Son Âme au Diable (5)


— Une « trente-deux tonnes », tu te rends compte Angélique ? J’ai dû prendre une « trente-deux tonnes » équipée d’un brise-roche pour dégommer ces putains de blocs de pierre ! Ma pelleteuse secouait dans tous les sens à chaque impact, c’était de la folie ! Et j’ai dit aux gars : « Pas question que je vous laisse faire, c’est moi qui m’en charge ! ». Tu parles, on était au bord de la falaise, il s’agissait pas de déconner !

— Mon pauvre amour, tu dois être crevé avec toutes ces secousses durant une journée entière ! Tiens, tu reprends une part de tarte ? C’est des pommes du verger de mes parents.

— Un peu que je suis crevé... Ça m’a broyé le dos, et pourtant j’ai un siège sur coussins hydropneumatiques, c’est pour dire. La tarte ? Non, j’ai plus faim, je vais juste me pieuter, là. Et en plus, il faut que je finisse le boulot avant demain soir, alors c’est bon, il faut que je me repose...
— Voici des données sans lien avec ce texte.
(* Let $N_t, K \ge 1$ be integers, let $\boldsymbol{h}_1,\dots,\boldsymbol{h}_K \in \mathbb{C}^{N_t\times 1}$, and let $\Gamma \ge 0$ and $P>0$. Consider the convex problem $$(\mathrm{P1.1}):\quad \min_{\boldsymbol{S}_x \succeq \boldsymbol{0}} \ \mathrm{tr}(\boldsymbol{S}_x^{-1}) \quad \text{s.t.}\quad \boldsymbol{h}_k^H \boldsymbol{S}_x \boldsymbol{h}_k \ge \Gamma\ \ \forall k\in\{1,\dots,K\},\qquad \mathrm{tr}(\boldsymbol{S}_x)\le P,$$ where $\mathrm{tr}(\boldsymbol{S}_x^{-1})$ is interpreted as $+\infty$ if $\boldsymbol{S}_x$ is singular, and assume (P1.1) is strictly feasible (Slater's condition holds). Let $\lambda\ge 0$ be the dual variable associated with the constraint $\mathrm{tr}(\boldsymbol{S}_x)\le P$ and $\mu_k\ge 0$ the dual variable associated with the constraint $\boldsymbol{h}_k^H\boldsymbol{S}_x\boldsymbol{h}_k\ge\Gamma$, so that the Lagrangian is $$\mathcal{L}(\boldsymbol{S}_x,\lambda,\{\mu_k\}) = \mathrm{tr}(\boldsymbol{S}_x^{-1}) + \Gamma\sum_{k=1}^K\mu_k + \mathrm{tr}\Big(\big(\lambda\boldsymbol{I}-\sum_{k=1}^K \mu_k\boldsymbol{h}_k\boldsymbol{h}_k^H\big)\boldsymbol{S}_x\Big) - \lambda P,$$ the dual function is $g(\lambda,\{\mu_k\}) = \inf_{\boldsymbol{S}_x\succeq\boldsymbol{0}}\mathcal{L}(\boldsymbol{S}_x,\lambda,\{\mu_k\})$, and the dual problem is to maximize $g$ over $\lambda\ge0$, $\mu_k\ge0$. Let $\lambda^{\mathrm{opt}}$, $\{\mu_k^{\mathrm{opt}}\}$ be an optimal solution of this dual problem and define $\boldsymbol{A}(\lambda^{\mathrm{opt}},\{\mu_k^{\mathrm{opt}}\}) = \lambda^{\mathrm{opt}}\boldsymbol{I} - \sum_{k=1}^K\mu_k^{\mathrm{opt}}\boldsymbol{h}_k\boldsymbol{h}_k^H$, which satisfies $\boldsymbol{A}(\lambda^{\mathrm{opt}},\{\mu_k^{\mathrm{opt}}\})\succeq\boldsymbol{0}$, with eigenvalue decomposition $\boldsymbol{A}(\lambda^{\mathrm{opt}},\{\mu_k^{\mathrm{opt}}\}) = \boldsymbol{U}^{\mathrm{opt}}\boldsymbol{\Lambda}^{\mathrm{opt}}\boldsymbol{U}^{\mathrm{opt}H}$, where $\boldsymbol{U}^{\mathrm{opt}}$ is unitary and $\boldsymbol{\Lambda}^{\mathrm{opt}}=\mathrm{diag}(\alpha_1^{\mathrm{opt}},\dots,\alpha_{N_t}^{\mathrm{opt}})$ with $\alpha_1^{\mathrm{opt}}\ge\dots\ge\alpha_{N_t}^{\mathrm{opt}}$. Then $\mathrm{rank}(\boldsymbol{A}(\lambda^{\mathrm{opt}},\{\mu_k^{\mathrm{opt}}\}))=N_t$, so $\alpha_1^{\mathrm{opt}}\ge\dots\ge\alpha_{N_t}^{\mathrm{opt}}>0$, and the optimal solution of (P1.1) is $$\boldsymbol{S}_x^{\mathrm{opt}} = \boldsymbol{U}^{\mathrm{opt}}\,\mathrm{diag}\big((\alpha_1^{\mathrm{opt}})^{-1/2},\dots,(\alpha_{N_t}^{\mathrm{opt}})^{-1/2}\big)\,\boldsymbol{U}^{\mathrm{opt}H}.$$
   Context: All matrices are complex; $(\cdot)^H$ denotes conjugate transpose, $\boldsymbol{S}\succeq\boldsymbol{0}$ means Hermitian positive semidefinite, $\boldsymbol{I}$ is the $N_t\times N_t$ identity. In the application, $\Gamma=\sigma^2(2^{\bar R}-1)$ for a noise power $\sigma^2>0$ and rate threshold $\bar R\ge 0$. *)

theory Defs
  imports "HOL-Analysis.Analysis"
begin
— Fais un bisou à papa, Louise, on va se laver les dents et puis je te raconte une histoire avant d’éteindre.


Nicolas, quant à lui, s’est fait bercer toute la journée par son engin de terrassement. Ce soir, il n’a pas le temps de compter les pelleteuses qui sautent par-dessus la barrière que, déjà, il en imite le ronflement du moteur.


Vingt minutes après, Angélique se retrouve seule et tranquille. Elle peut débarrasser la table, ranger et laver tout ce qui traîne. Elle a désormais sa soirée rien que pour elle. Le temps de s’installer dans le canapé, elle allume la télé, et s’offre joyeusement trois épisodes d’une enquête policière. Quand arrive vingt-trois heures, elle zappe sur le bouton rouge, et l’écran cinquante-cinq pouces s’éteint dans un bâillement. Elle attrape alors son Galaxy et réfléchit. Alors, comment décrire sa petite poitrine ? Bon, tout d’abord, elle peut dire qu’elle est petite.


— Non, non, non, surtout pas, ce n’est pas la valoriser !


Elle connaît tant de mecs qui parlent de poitrines opulentes en bavant, il faut qu’elle trouve d’autres qualificatifs.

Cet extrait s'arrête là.